# Poulan XX project saw



## Cut4fun (Feb 24, 2006)

Think it needs coil, condenser, maybe points. Has a 10" hard nose bar.


----------



## Cut4fun (Feb 25, 2006)

*More pits of sides off*

Here they are scottr. Will put more on next thread. I think we can only do 5 at a time still.


----------



## Cut4fun (Feb 25, 2006)

*more pits and gauge*

3 more pits for a total of 8 to link to you.


----------



## scottr (Feb 25, 2006)

*XX Pictures*

Thanks for the pictures of the Poulan XX , it's a nice looking saw .


----------



## casey v (Feb 25, 2006)

Hi Cut4fun,

I have the same saw except it says Craftsman on the side. The circuit plate gasket and diaphram were missing from the carb. If you are redoing your carb, could you please post a pic of the circuit plate gasket and Diaphram so I know which ones from the rebuild kit to use. 

Thanks Mike


----------



## Cut4fun (Feb 26, 2006)

*carb breakdown and xx breakdown in parts*



casey v said:


> Hi Cut4fun,
> 
> I have the same saw except it says Craftsman on the side. The circuit plate gasket and diaphram were missing from the carb. If you are redoing your carb, could you please post a pic of the circuit plate gasket and Diaphram so I know which ones from the rebuild kit to use.
> 
> Thanks Mike


Hope this helps you too.

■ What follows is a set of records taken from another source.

(* Let $(V,\Omega)$ be a finite-dimensional real symplectic vector space and let $A:V\to V$ be a linear map with $\Omega(Ax,y)+\Omega(x,Ay)=0$ for all $x,y\in V$ and $A^2=-I$. Let $\theta^A$ be the one-form on $V$ given by $\theta^A_z(v_z)=\frac{1}{2}\Omega(z-Az,v)$. Then ${\rm Aut}(V,\theta^A)=\{g\in{\rm Sp}(V,\Omega): gA=Ag\}$, where ${\rm Aut}(V,\theta^A)$ is the group of all diffeomorphisms $g:V\to V$ satisfying $g^*\theta^A=\theta^A$.
   Context: $V$ is a finite-dimensional real vector space and $\Omega$ a nonsingular alternating bilinear form on $V$. For $z,v\in V$, $v_z\in T_zV$ denotes the tangent vector at $z$ corresponding to $v$ under the canonical identification $T_zV\cong V$. Equivalently, $\theta^A=\theta^0+d\psi^A$ where $\theta^0_z(v_z)=\frac12\Omega(z,v)$ and $\psi^A(z)=\frac14\Omega(z,Az)$. For a smooth map $g:V\to V$, $(g^*\theta^A)_z(v_z)=\frac12\Omega(g(z)-Ag(z),g'_z v)$, where $g'_z$ is the derivative of $g$ at $z$. ${\rm Sp}(V,\Omega)$ is the group of linear automorphisms of $V$ preserving $\Omega$. *)

theory Defs
  imports "HOL-Analysis.Analysis"
begin

coinductive smooth :: "('a::euclidean_space \<Rightarrow> 'b::euclidean_space) \<Rightarrow> bool" where
  "(\<forall>x. f differentiable (at x)) \<Longrightarrow>
   (\<forall>v. smooth (\<lambda>x. frechet_derivative f (at x) v)) \<Longrightarrow> smooth f"

definition diffeomorphism :: "('a::euclidean_space \<Rightarrow> 'a) \<Rightarrow> bool" where
  "diffeomorphism g \<longleftrightarrow> bij g \<and> smooth g \<and> smooth (inv g)"

text \<open>One-forms on V are represented as maps z \<mapsto> (v \<mapsto> \<theta>_z(v_z)).\<close>
type_synonym 'a one_form = "'a \<Rightarrow> 'a \<Rightarrow> real"

definition pullback :: "('a::euclidean_space \<Rightarrow> 'a) \<Rightarrow> 'a one_form \<Rightarrow> 'a one_form" where
  "pullback g \<theta> = (\<lambda>z v. \<theta> (g z) (frechet_derivative g (at z) v))"

definition theta_A :: "('a::euclidean_space \<Rightarrow> 'a \<Rightarrow> real) \<Rightarrow> ('a \<Rightarrow> 'a) \<Rightarrow> 'a one_form" where
  "theta_A \<Omega> A = (\<lambda>z v. 1/2 * \<Omega> (z - A z) v)"

definition symplectic_form :: "('a::euclidean_space \<Rightarrow> 'a \<Rightarrow> real) \<Rightarrow> bool" where
  "symplectic_form \<Omega> \<longleftrightarrow> bilinear \<Omega> \<and> (\<forall>x. \<Omega> x x = 0) \<and>
     (\<forall>x. (\<forall>y. \<Omega> x y = 0) \<longrightarrow> x = 0)"

definition Sp :: "('a::euclidean_space \<Rightarrow> 'a \<Rightarrow> real) \<Rightarrow> ('a \<Rightarrow> 'a) set" where
  "Sp \<Omega> = {g. linear g \<and> bij g \<and> (\<forall>x y. \<Omega> (g x) (g y) = \<Omega> x y)}"

definition Aut :: "'a::euclidean_space one_form \<Rightarrow> ('a \<Rightarrow> 'a) set" where
  "Aut \<theta> = {g. diffeomorphism g \<and> pullback g \<theta> = \<theta>}"

end

theory Submission
  imports Defs
begin

text \<open>A diffeomorphism g preserving \<theta>A also preserves d\<theta>A = \<Omega>, so each derivative Dg(z) is
  symplectic. Since the vector field X(z) = z - A z is \<Omega>-dual to 2\<theta>A, g then maps X to itself
  and commutes with its flow z \<mapsto> exp t (cos t z - sin t A z). At t = -2\<pi>n this flow is the
  homothety of ratio exp (-2\<pi>n), so g commutes with homotheties of arbitrarily small ratio and,
  being differentiable at 0, equals its linearisation there. Conversely every linear symplectic
  map commuting with A visibly preserves \<theta>A.\<close>

section \<open>Derivatives\<close>

lemma second_difference_mean_value:
  fixes f :: "'a::real_normed_vector \<Rightarrow> real"
  assumes f': "\<And>x. (f has_derivative f' x) (at x)"
    and f'': "\<And>x w. ((\<lambda>x. f' x w) has_derivative f'' x w) (at x)"
    and "h > 0"
  obtains s t where "0 < s" "s < h" "0 < t" "t < h"
    "f (z + h *\<^sub>R u + h *\<^sub>R v) - f (z + h *\<^sub>R u) - f (z + h *\<^sub>R v) + f z
      = h * h * f'' (z + s *\<^sub>R u + t *\<^sub>R v) u v"
proof -
  have lin1: "linear (f' x)" for x using f'[of x] has_derivative_linear by blast
  have lin2: "linear (f'' x w)" for x w using f''[of w x] has_derivative_linear by blast
  define p where "p s = f (z + s *\<^sub>R u + h *\<^sub>R v) - f (z + s *\<^sub>R u)" for s
  have "(p has_derivative (\<lambda>d. f' (z + s *\<^sub>R u + h *\<^sub>R v) (d *\<^sub>R u) - f' (z + s *\<^sub>R u) (d *\<^sub>R u)))
      (at s within {0..h})" for s
  proof -
    have a: "((\<lambda>s. z + s *\<^sub>R u + h *\<^sub>R v) has_derivative (\<lambda>d. d *\<^sub>R u)) (at s)"
      and b: "((\<lambda>s. z + s *\<^sub>R u) has_derivative (\<lambda>d. d *\<^sub>R u)) (at s)"
      by (auto intro!: derivative_eq_intros)
    show ?thesis
      unfolding p_def
      by (rule has_derivative_at_withinI,
          rule has_derivative_diff[OF has_derivative_compose[OF a f'] has_derivative_compose[OF b f']])
  qed
  from mvt_simple[OF \<open>h > 0\<close> this] obtain s where s: "s \<in> {0<..<h}"
    and ps: "p h - p 0 = f' (z + s *\<^sub>R u + h *\<^sub>R v) ((h - 0) *\<^sub>R u) - f' (z + s *\<^sub>R u) ((h - 0) *\<^sub>R u)"
    by blast
  define q where "q t = f' (z + s *\<^sub>R u + t *\<^sub>R v) u" for t
  have "(q has_derivative (\<lambda>d. f'' (z + s *\<^sub>R u + t *\<^sub>R v) u (d *\<^sub>R v))) (at t within {0..h})" for t
  proof -
    have "((\<lambda>t. z + s *\<^sub>R u + t *\<^sub>R v) has_derivative (\<lambda>d. d *\<^sub>R v)) (at t)"
      by (auto intro!: derivative_eq_intros)
    from has_derivative_compose[OF this f''] show ?thesis
      unfolding q_def by (rule has_derivative_at_withinI)
  qed
  from mvt_simple[OF \<open>h > 0\<close> this] obtain t where t: "t \<in> {0<..<h}"
    and qt: "q h - q 0 = f'' (z + s *\<^sub>R u + t *\<^sub>R v) u ((h - 0) *\<^sub>R v)"
    by blast
  have "f (z + h *\<^sub>R u + h *\<^sub>R v) - f (z + h *\<^sub>R u) - f (z + h *\<^sub>R v) + f z = p h - p 0"
    unfolding p_def by (simp add: algebra_simps)
  also have "\<dots> = h * (q h - q 0)"
    using ps unfolding q_def by (simp add: linear_cmul[OF lin1] algebra_simps)
  also have "\<dots> = h * h * f'' (z + s *\<^sub>R u + t *\<^sub>R v) u v"
    using qt by (simp add: linear_cmul[OF lin2])
  finally show ?thesis using s t that by auto
qed

lemma second_derivative_symmetric_real:
  fixes f :: "'a::real_normed_vector \<Rightarrow> real"
  assumes f': "\<And>x. (f has_derivative f' x) (at x)"
    and f'': "\<And>x w. ((\<lambda>x. f' x w) has_derivative f'' x w) (at x)"
    and cont: "\<And>w u. continuous_on UNIV (\<lambda>x. f'' x w u)"
  shows "f'' z u v = f'' z v u"
proof (rule ccontr)
  assume ne: "f'' z u v \<noteq> f'' z v u"
  define e where "e = \<bar>f'' z u v - f'' z v u\<bar> / 2"
  have "e > 0" using ne by (simp add: e_def)
  obtain da where da: "da > 0" "\<And>x. dist x z < da \<Longrightarrow> dist (f'' x u v) (f'' z u v) < e"
    using cont[of u v] \<open>e > 0\<close> unfolding continuous_on_iff by (metis UNIV_I)
  obtain db where db: "db > 0" "\<And>x. dist x z < db \<Longrightarrow> dist (f'' x v u) (f'' z v u) < e"
    using cont[of v u] \<open>e > 0\<close> unfolding continuous_on_iff by (metis UNIV_I)
  define h where "h = min da db / (norm u + norm v + 1)"
  have den: "0 < norm u + norm v + 1" by (smt (verit) norm_ge_zero)
  have "h > 0" using da db den unfolding h_def by (intro divide_pos_pos) auto
  have close: "dist (z + s *\<^sub>R a + t *\<^sub>R b) z < min da db"
    if "0 < s" "s < h" "0 < t" "t < h" "norm a + norm b = norm u + norm v" for s t a b
  proof -
    have "dist (z + s *\<^sub>R a + t *\<^sub>R b) z = norm (s *\<^sub>R a + t *\<^sub>R b)" by (simp add: dist_norm)
    also have "\<dots> \<le> s * norm a + t * norm b"
      using that by (metis abs_of_pos norm_scaleR norm_triangle_ineq)
    also have "\<dots> \<le> h * norm a + h * norm b"
      using that by (intro add_mono mult_right_mono) auto
    also have "\<dots> = h * (norm u + norm v)"
      using that(5) by (simp add: distrib_left[symmetric])
    also have "\<dots> < h * (norm u + norm v + 1)" using \<open>h > 0\<close> by simp
    also have "\<dots> = min da db" using den by (simp add: h_def)
    finally show ?thesis .
  qed
  obtain s t where st: "0 < s" "s < h" "0 < t" "t < h" and eq1:
    "f (z + h *\<^sub>R u + h *\<^sub>R v) - f (z + h *\<^sub>R u) - f (z + h *\<^sub>R v) + f z
      = h * h * f'' (z + s *\<^sub>R u + t *\<^sub>R v) u v"
    using second_difference_mean_value[OF f' f'' \<open>h > 0\<close>] by blast
  obtain s' t' where st': "0 < s'" "s' < h" "0 < t'" "t' < h" and eq2:
    "f (z + h *\<^sub>R v + h *\<^sub>R u) - f (z + h *\<^sub>R v) - f (z + h *\<^sub>R u) + f z
      = h * h * f'' (z + s' *\<^sub>R v + t' *\<^sub>R u) v u"
    using second_difference_mean_value[OF f' f'' \<open>h > 0\<close>] by blast
  have "h * h * f'' (z + s *\<^sub>R u + t *\<^sub>R v) u v = h * h * f'' (z + s' *\<^sub>R v + t' *\<^sub>R u) v u"
    using eq1 eq2 by (simp add: algebra_simps)
  then have eq: "f'' (z + s *\<^sub>R u + t *\<^sub>R v) u v = f'' (z + s' *\<^sub>R v + t' *\<^sub>R u) v u"
    using \<open>h > 0\<close> by simp
  have "dist (f'' (z + s *\<^sub>R u + t *\<^sub>R v) u v) (f'' z u v) < e"
    using da(2) close[OF st] by simp
  moreover have "dist (f'' (z + s' *\<^sub>R v + t' *\<^sub>R u) v u) (f'' z v u) < e"
    using db(2) close[OF st'] by (simp add: add.commute)
  ultimately show False
    using eq unfolding e_def dist_real_def by (auto simp: abs_if split: if_splits)
qed

lemma second_derivative_symmetric:
  fixes f :: "'a::real_normed_vector \<Rightarrow> 'b::euclidean_space"
  assumes f': "\<And>x. (f has_derivative f' x) (at x)"
    and f'': "\<And>x w. ((\<lambda>x. f' x w) has_derivative f'' x w) (at x)"
    and cont: "\<And>w u. continuous_on UNIV (\<lambda>x. f'' x w u)"
  shows "f'' z u v = f'' z v u"
proof (rule euclidean_eqI)
  fix e :: 'b
  have "((\<lambda>x. e \<bullet> f x) has_derivative (\<lambda>w. e \<bullet> f' x w)) (at x)" for x
    by (rule bounded_linear.has_derivative[OF bounded_linear_inner_right f'])
  moreover have "((\<lambda>x. e \<bullet> f' x w) has_derivative (\<lambda>u. e \<bullet> f'' x w u)) (at x)" for x w
    by (rule bounded_linear.has_derivative[OF bounded_linear_inner_right f''])
  moreover have "continuous_on UNIV (\<lambda>x. e \<bullet> f'' x w u)" for w u
    by (intro continuous_intros cont)
  ultimately have "e \<bullet> f'' z u v = e \<bullet> f'' z v u"
    by (rule second_derivative_symmetric_real)
  then show "f'' z u v \<bullet> e = f'' z v u \<bullet> e"
    by (simp add: inner_commute)
qed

Carb breakdown piece by piece and parts breakdown of the whole saw on pdf file. http://www.odref.com/poulan/pdf/poulan/gas-saws/20.pdf


----------



## casey v (Feb 26, 2006)

Cut4fun,

That helps a lot. It looks like I was putting one too many parts in. 

Thanks Mike


----------



## lewis16 (Sep 6, 2009)

you lucky lucky sod, i am in diar need of either a wright model 111, dolmar hobby 100 or the saw in the pictures, i will pay to get one, anyone have any ideas where i can get one, ebay-no, none on craigslist, im in the uk, not many people use it


----------



## lewis16 (Sep 24, 2009)

try the coil and spark, i bet its that... if there is a problem with it


----------



## Tbird8057 (Mar 7, 2010)

*Trying an XX Rebuild myself*

how did that XX rebuild end up I just found one of these saws at a Thrift Sale and it was flooded in oil sludge I've never done anything like this before, but I'm gonna try to rebuild it. Can't you point me in the direction of any good resources. I have to at least replace one little hose that connects to the bottom of the carburetor at it had stiffened over time and just cracked to pieces when I touched it. Do you know where I can buy parts or kits and if there's any good literature or what not? Thanks.


----------



## Lignator (Nov 25, 2012)

Hi, I just picked up a pair of these poulan XX's. One is a parts saw the other supposedly ran but is leaking bar oil. I think the "running" saw is missing parts as their is a hole out of the crank case that vents to atmosphere. Also, there seems to be a hole out of the oil tank. Anyone with pictures of one that has the sprocket removed would be helpful.


----------



## Swamp Man (Dec 21, 2012)

i got one just like that the only thing wrong with it is it needs a new coil:bang


----------



## Swamp Man (Dec 27, 2012)

i got one just like that but it is rebranded for western auto and all it needs are the coil points and condenser where did/will u get yours


----------